Unnamed: 0,Model,R-squared train,R-squared test,RMSE train,RMSE test,MAE train,MAE test
0,Linear,0.885005,0.922461,1.789726,1.388857,1.374654,1.054833
1,Linear Poly,0.969195,0.170779,0.92632,4.541836,0.735912,1.559126
2,Ridge Poly,0.997037,0.950861,0.287292,1.105633,0.219692,0.508102
3,Lasso Poly,0.991327,0.992479,0.491506,0.432559,0.330758,0.326672


### Answer to Question 2:

With the Ridge and Lasso approach the coefficient have now much more interpretable magnitude compared to the Linear Polynomial model. Nevertheless, the coefficients on Ridge model remain relatively high, varying between -22 and +22, while Lasso's coefficient have more normal values, in between -3 and +7 range.
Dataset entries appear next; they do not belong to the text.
lemma eventually_expectation_tail_conv_pow_approx:
  fixes G :: "nat pmf" and \<mu> C :: real
  assumes int: "integrable (measure_pmf G) real"
    and \<mu>: "measure_pmf.expectation G real = \<mu>" "\<mu> > 0"
    and shift_down: "\<And>\<delta>. \<delta> > 0 \<Longrightarrow> eventually (\<lambda>y. tail G (y - y powr \<beta>) \<le> (1+\<delta>) * tail G y) at_top"
    and shift_up: "\<And>\<delta>. \<delta> > 0 \<Longrightarrow> eventually (\<lambda>y. tail G (y + y powr \<beta>) \<ge> (1-\<delta>) * tail G y) at_top"
    and half: "eventually (\<lambda>y. tail G (y/2) \<le> C * tail G y) at_top" and C: "C \<ge> 0"
    and \<epsilon>: "\<epsilon> > 0"
  shows "eventually (\<lambda>y. \<bar>measure_pmf.expectation G (\<lambda>k. tail (conv_pow F k) (m*y)) - (tail G y + \<mu> * T (m*y))\<bar>
            \<le> \<epsilon> * (tail G y + \<mu> * T (m*y))) at_top"
proof -
  have "eventually (\<lambda>y. measure_pmf.expectation G (\<lambda>k. tail (conv_pow F k) (m*y))
           \<le> (1 + \<epsilon>) * (tail G y + \<mu> * T (m*y))) at_top"
    by (rule eventually_expectation_tail_conv_pow_le[OF int \<mu> _ half C \<epsilon>]) (rule shift_down)
  moreover have "eventually (\<lambda>y. measure_pmf.expectation G (\<lambda>k. tail (conv_pow F k) (m*y))
           \<ge> (1 - \<epsilon>) * (tail G y + \<mu> * T (m*y))) at_top"
    by (rule eventually_expectation_tail_conv_pow_ge[OF int \<mu> _ \<epsilon>]) (rule shift_up)
  ultimately show ?thesis by eventually_elim (simp add: abs_le_iff algebra_simps)
qed

subsection \<open>Induction over the generations\<close>

definition tail_sum :: "nat \<Rightarrow> real \<Rightarrow> real" where
  "tail_sum n x = (\<Sum>i<n. m^i * T (m^(i+1) * x))"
This change is driven by the penalty on large coefficients to the loss function that these models incorporate. This shrinkage reduces variance and overfitting compared to the unregularized polynomial model, which is free to use huge, unstable coefficients to chase noise in the training data.

Lasso Model set 4 of the 56 polynomial features to zero, from which we can infer that many of the complex, high-degree terms don’t add much for predicting sales. Regarding the more important coefficient, we can infer that the main drivers are the lower-order effects of TV and Radio, while Newspaper plays only a small role.

Regarding the performance metrics of the Ridge and Lasso Models, they have similar magnitudes in the test and train set, suggesting a proper fit of the models. Moreover, it is worth noting that while the Ridge performs better on the train set, Lasso shows slight improvements in all metrics in the test set, repeating the same surprising dynamic observed in the Linear Regression.

In conclusion, Lasso and Ridge model brought significant improvements in comparison to the Linear Polynomial Model, underscoring the effectiveness of the penalty on large coefficients that these models comprise. This approach protect these models from coefficients influenced by noise in the training data.


### Answer to Question 3:

I’d say the Lasso model is my preferred tool for decision-making, but we must acknowledge that a simple linear regression tells essentially the same story, in a much simpler way.

Lasso takes the rich, flexible polynomial setup and fits it in a "rational way"to data. It is able to keep the useful signals and shrinks away the noise, yielding superior performance on new data and a more interpretable set of coefficients. It confirms that TV is the main driver of sales, with Radio playing a meaningful but secondary role, and Newspaper contributing very little at the margin. Nonetheless, the simple linear regression, points in exactly the same direction and is usually easier to explain and communicate to non-specialized peers.

So my recommendation to the CMO would be: use Lasso as the main model for decision-making, as it signficantly reduces errors, but don't disregard a simple linear model, as it tell pretty much the same story in a simpler way, improving interpretability.